▶ Provided records
lemma pos_def_smult_one_mat:
  assumes "0 < c"
  shows "pos_def (complex_of_real c \<cdot>\<^sub>m 1\<^sub>m d)"
  unfolding pos_def_def
proof (intro conjI ballI impI)
  show "hermitian (complex_of_real c \<cdot>\<^sub>m 1\<^sub>m d)"
    unfolding hermitian_def ctrans_def by (auto intro!: eq_matI)
  fix v :: "complex vec"
  assume "v \<in> carrier_vec (dim_row (complex_of_real c \<cdot>\<^sub>m 1\<^sub>m d))"
    and "v \<noteq> 0\<^sub>v (dim_row (complex_of_real c \<cdot>\<^sub>m 1\<^sub>m d))"
  then have v: "v \<in> carrier_vec d" and nz: "v \<noteq> 0\<^sub>v d" by simp_all
  obtain i where i: "i < d" "v $ i \<noteq> 0"
  proof (rule ccontr)
    assume "\<not> thesis"
    then have "v = 0\<^sub>v d" using v that by (intro eq_vecI) auto
    with nz show False by simp
  qed
  have "(complex_of_real c \<cdot>\<^sub>m 1\<^sub>m d) *\<^sub>v v = complex_of_real c \<cdot>\<^sub>v v"
    using smult_mat_mult_vec[of "1\<^sub>m d" d d v] v by simp
  then have "conjugate v \<bullet> ((complex_of_real c \<cdot>\<^sub>m 1\<^sub>m d) *\<^sub>v v)
     = complex_of_real (c * (\<Sum>i<d. (cmod (v $ i))\<^sup>2))"
    using v by (simp add: scalar_prod_def atLeast0LessThan sum_distrib_left
        complex_norm_square[symmetric] mult_ac)
  moreover have "0 < (\<Sum>i<d. (cmod (v $ i))\<^sup>2)"
    using i by (intro sum_pos2[of _ i]) auto
  ultimately show "0 < Re (conjugate v \<bullet> ((complex_of_real c \<cdot>\<^sub>m 1\<^sub>m d) *\<^sub>v v))"
    using assms by simp
qed

lemma unit_vectors_clifford_witnesses:
  assumes w: "\<forall>k<N. w k \<in> carrier_vec r \<and> w k \<bullet> w k = 1"
  obtains d :: nat and \<Gamma> K where "d \<ge> 1"
    and "\<And>k. k < N \<Longrightarrow> \<Gamma> k \<in> carrier_mat d d \<and> hermitian (\<Gamma> k) \<and> \<Gamma> k * \<Gamma> k = 1\<^sub>m d"
    and "\<And>k. k < N \<Longrightarrow> K * \<Gamma> k \<in> carrier_mat d d \<and> hermitian (K * \<Gamma> k)
           \<and> (K * \<Gamma> k) * (K * \<Gamma> k) = (1 / of_nat d) \<cdot>\<^sub>m 1\<^sub>m d"
    and "K \<in> carrier_mat d d" "hermitian K" "pos_def K" "mtrace (K * K) = 1"
    and "\<And>k. \<Gamma> k * K = K * \<Gamma> k"
    and "complex_of_mat (gram_vec N w) = gram_mat N (\<lambda>k. K * \<Gamma> k)"
proof -
  define d :: nat where "d = 2 ^ r"
  define c where "c = complex_of_real (1 / sqrt (2 ^ r))"
  define \<Gamma> where "\<Gamma> k = clifford_of_vec r (w k)" for k
  define K where "K = c \<cdot>\<^sub>m 1\<^sub>m d"
  have \<Gamma>: "\<Gamma> k \<in> carrier_mat d d" "hermitian (\<Gamma> k)" for k
    unfolding \<Gamma>_def d_def by (simp_all add: clifford_of_vec_hermitian)
  have "(1 / sqrt (2 ^ r)) * (1 / sqrt (2 ^ r)) = (1 / 2 ^ r :: real)"
    by simp
  then have cc: "c * c = 1 / of_nat d"
    unfolding c_def d_def by (metis of_real_mult of_real_divide of_real_1 of_real_power
        of_real_numeral of_nat_power of_nat_numeral)
  have c_real: "cnj c = c"
    unfolding c_def by simp
  have c_herm: "hermitian (c \<cdot>\<^sub>m \<Gamma> k)" for k
    unfolding c_def by (rule hermitian_smult_real[OF \<Gamma>(2)])
  have K\<Gamma>: "K * \<Gamma> k = c \<cdot>\<^sub>m \<Gamma> k" "\<Gamma> k * K = c \<cdot>\<^sub>m \<Gamma> k" for k
    unfolding K_def using \<Gamma>(1)[of k]
    by (simp_all add: mult_smult_assoc_mat[of _ d d _ d] mult_smult_distrib[of _ d d _ d])
  have KK: "K * K = (c * c) \<cdot>\<^sub>m 1\<^sub>m d"
    unfolding K_def using smult_mult_smult_mat[of "1\<^sub>m d" d d "1\<^sub>m d" d c c] by simp
  have K: "pos_def K"
    unfolding K_def c_def by (rule pos_def_smult_one_mat) simp
  have square: "\<Gamma> k * \<Gamma> k = 1\<^sub>m d" if "k < N" for k
    using w that unfolding \<Gamma>_def d_def by (simp add: clifford_of_vec_square)
  have "mtrace ((c \<cdot>\<^sub>m \<Gamma> k) * ctrans (c \<cdot>\<^sub>m \<Gamma> l)) = complex_of_real (w k \<bullet> w l)"
    if "k < N" "l < N" for k l
  proof -
    have "(c \<cdot>\<^sub>m \<Gamma> k) * ctrans (c \<cdot>\<^sub>m \<Gamma> l) = (c * c) \<cdot>\<^sub>m (\<Gamma> k * \<Gamma> l)"
      using \<Gamma> c_real by (simp add: hermitian_ctrans ctrans_smult smult_mult_smult_mat[OF \<Gamma>(1) \<Gamma>(1)])
    moreover have "mtrace (\<Gamma> k * \<Gamma> l) = of_nat d * complex_of_real (w k \<bullet> w l)"
      using w that unfolding \<Gamma>_def d_def by (simp add: mtrace_clifford_of_vec)
    ultimately show ?thesis
      using \<Gamma>(1)[of k] \<Gamma>(1)[of l] cc d_def by (simp add: mtrace_smult[of _ d])
  qed
  then have "complex_of_mat (gram_vec N w) = gram_mat N (\<lambda>k. K * \<Gamma> k)"
    unfolding complex_of_mat_def gram_vec_def gram_mat_def K\<Gamma> by (auto intro!: eq_matI)
  moreover have "K * \<Gamma> k \<in> carrier_mat d d \<and> hermitian (K * \<Gamma> k)
      \<and> (K * \<Gamma> k) * (K * \<Gamma> k) = (1 / of_nat d) \<cdot>\<^sub>m 1\<^sub>m d" if "k < N" for k
    using \<Gamma>[of k] square[OF that] cc c_herm
    unfolding K\<Gamma> by (simp add: smult_mult_smult_mat[OF \<Gamma>(1) \<Gamma>(1)])
  moreover have "mtrace (K * K) = 1"
    unfolding KK using cc by (simp add: mtrace_smult[of _ d] mtrace_one_mat d_def)
  ultimately show ?thesis
    using that[of d \<Gamma> K] \<Gamma> square K K\<Gamma> unfolding pos_def_def
    by (auto simp: d_def K_def)
qed

lemma concat_fam_split: "concat_fam n f (\<lambda>j. f (n + j)) = f"
  unfolding concat_fam_def by auto

lemma concat_fam_cases:
  assumes "\<And>i. i < n \<Longrightarrow> P (x i)" and "\<And>j. j < m \<Longrightarrow> P (y j)" and "k < n + m"
  shows "P (concat_fam n x y k)"
  using assms unfolding concat_fam_def by (cases "k < n") auto

lemma ex_concat_fam_iff:
  "(\<exists>w. (\<forall>k<n + m. P (w k)) \<and> Q w)
     \<longleftrightarrow> (\<exists>x y. (\<forall>i<n. P (x i)) \<and> (\<forall>j<m. P (y j)) \<and> Q (concat_fam n x y))"
proof
  assume "\<exists>w. (\<forall>k<n + m. P (w k)) \<and> Q w"
  then obtain w where "\<forall>k<n + m. P (w k)" "Q w" by blast
  then show "\<exists>x y. (\<forall>i<n. P (x i)) \<and> (\<forall>j<m. P (y j)) \<and> Q (concat_fam n x y)"
    by (intro exI[of _ w] exI[of _ "\<lambda>j. w (n + j)"]) (simp add: concat_fam_split)
next
  assume "\<exists>x y. (\<forall>i<n. P (x i)) \<and> (\<forall>j<m. P (y j)) \<and> Q (concat_fam n x y)"
  then show "\<exists>w. (\<forall>k<n + m. P (w k)) \<and> Q w"
    using concat_fam_cases[of n P _ m] by blast
qed

lemma gram_mat_concat_in_elliptope:
  assumes "E \<in> carrier_mat (n + m) (n + m)" and "transpose_mat E = E"
    and "\<And>i. i < n \<Longrightarrow> x i \<in> carrier_mat d d \<and> mtrace (x i * ctrans (x i)) = 1"
    and "\<And>j. j < m \<Longrightarrow> y j \<in> carrier_mat d d \<and> mtrace (y j * ctrans (y j)) = 1"
    and "complex_of_mat E = gram_mat (n + m) (concat_fam n x y)"
  shows "E \<in> elliptope (n + m)"
  using concat_fam_cases[where P = "\<lambda>M. M \<in> carrier_mat d d \<and> mtrace (M * ctrans M) = 1"] assms
  by (intro gram_mat_in_elliptope[OF assms(1,2) _ _ assms(5)]) blast+

theorem lemma2p6:
  fixes n m :: nat and E :: "real mat"
  assumes "E \<in> carrier_mat (n+m) (n+m)" and "transpose_mat E = E"
  shows "(E \<in> elliptope (n+m)
      \<longleftrightarrow> (\<exists>r a b. (\<forall>i<n. a i \<in> carrier_vec r \<and> a i \<bullet> a i = 1)
               \<and> (\<forall>j<m. b j \<in> carrier_vec r \<and> b j \<bullet> b j = 1)
               \<and> E = gram_vec (n+m) (concat_fam n a b)))
    \<and> (E \<in> elliptope (n+m)
      \<longleftrightarrow> (\<exists>d::nat. \<exists>A B. d \<ge> 1
               \<and> (\<forall>i<n. A i \<in> carrier_mat d d \<and> hermitian (A i)
                        \<and> A i * A i = (1 / of_nat d) \<cdot>\<^sub>m 1\<^sub>m d)
               \<and> (\<forall>j<m. B j \<in> carrier_mat d d \<and> hermitian (B j)
                        \<and> B j * B j = (1 / of_nat d) \<cdot>\<^sub>m 1\<^sub>m d)
               \<and> complex_of_mat E = gram_mat (n+m) (concat_fam n A B)))
    \<and> (E \<in> elliptope (n+m)
      \<longleftrightarrow> (\<exists>d::nat. \<exists>X Y K. d \<ge> 1
               \<and> (\<forall>i<n. X i \<in> carrier_mat d d \<and> hermitian (X i) \<and> X i * X i = 1\<^sub>m d)
               \<and> (\<forall>j<m. Y j \<in> carrier_mat d d \<and> hermitian (Y j) \<and> Y j * Y j = 1\<^sub>m d)
               \<and> K \<in> carrier_mat d d \<and> hermitian K \<and> pos_def K \<and> mtrace (K * K) = 1
               \<and> complex_of_mat E =
                   gram_mat (n+m) (concat_fam n (\<lambda>i. K * X i) (\<lambda>j. Y j * K))))"
  (is "(?ell \<longleftrightarrow> ?a) \<and> (?ell \<longleftrightarrow> ?b) \<and> (?ell \<longleftrightarrow> ?c)")
proof -
  have ell_a: "?ell \<longleftrightarrow> ?a"
    unfolding elliptope_iff_gram_unit_vectors
    using ex_concat_fam_iff[where P = "\<lambda>v. v \<in> carrier_vec r \<and> v \<bullet> v = 1"
        and Q = "\<lambda>w. E = gram_vec (n + m) w" for r]
    by simp
  have ell_bc: "?b \<and> ?c" if ?ell
  proof -
    obtain r w where w: "\<forall>k<n + m. w k \<in> carrier_vec r \<and> w k \<bullet> w k = 1"
      and E: "E = gram_vec (n + m) w"
      using \<open>?ell\<close> elliptope_iff_gram_unit_vectors by blast
    obtain d :: nat and \<Gamma> K where d: "d \<ge> 1"
      and \<Gamma>: "\<And>k. k < n + m \<Longrightarrow> \<Gamma> k \<in> carrier_mat d d \<and> hermitian (\<Gamma> k) \<and> \<Gamma> k * \<Gamma> k = 1\<^sub>m d"
      and A: "\<And>k. k < n + m \<Longrightarrow> K * \<Gamma> k \<in> carrier_mat d d \<and> hermitian (K * \<Gamma> k)
           \<and> (K * \<Gamma> k) * (K * \<Gamma> k) = (1 / of_nat d) \<cdot>\<^sub>m 1\<^sub>m d"
      and K: "K \<in> carrier_mat d d" "hermitian K" "pos_def K" "mtrace (K * K) = 1"
      and comm: "\<And>k. \<Gamma> k * K = K * \<Gamma> k"
      and gram: "complex_of_mat E = gram_mat (n + m) (\<lambda>k. K * \<Gamma> k)"
      unfolding E by (rule unit_vectors_clifford_witnesses[OF w]) blast
    have "?b"
      using d A gram concat_fam_split[of n "\<lambda>k. K * \<Gamma> k"]
      by (intro exI[of _ d] exI[of _ "\<lambda>i. K * \<Gamma> i"] exI[of _ "\<lambda>j. K * \<Gamma> (n + j)"]) auto
    moreover have "?c"
      using d \<Gamma> K gram concat_fam_split[of n "\<lambda>k. K * \<Gamma> k"]
      by (intro exI[of _ d] exI[of _ \<Gamma>] exI[of _ "\<lambda>j. \<Gamma> (n + j)"] exI[of _ K]) (auto simp: comm)
    ultimately show ?thesis ..
  qed
  have b_ell: ?ell if ?b
    using that
    by (elim exE conjE, intro gram_mat_concat_in_elliptope[OF assms])
      (auto intro: mtrace_mult_ctrans_square_scalar)
  have c_ell: ?ell if ?c
    using that
    by (elim exE conjE, intro gram_mat_concat_in_elliptope[OF assms])
      (auto simp: mtrace_weighted_involution intro: mult_carrier_mat)
  show ?thesis using ell_a ell_bc b_ell c_ell by blast
qed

▶ Exercise description
Write out each line above that contains the word "moreover".

▶ Solution to this exercise
  moreover have "0 < (\<Sum>i<d. (cmod (v $ i))\<^sup>2)"
    moreover have "mtrace (\<Gamma> k * \<Gamma> l) = of_nat d * complex_of_real (w k \<bullet> w l)"
  moreover have "K * \<Gamma> k \<in> carrier_mat d d \<and> hermitian (K * \<Gamma> k)
  moreover have "mtrace (K * K) = 1"
    moreover have "?c"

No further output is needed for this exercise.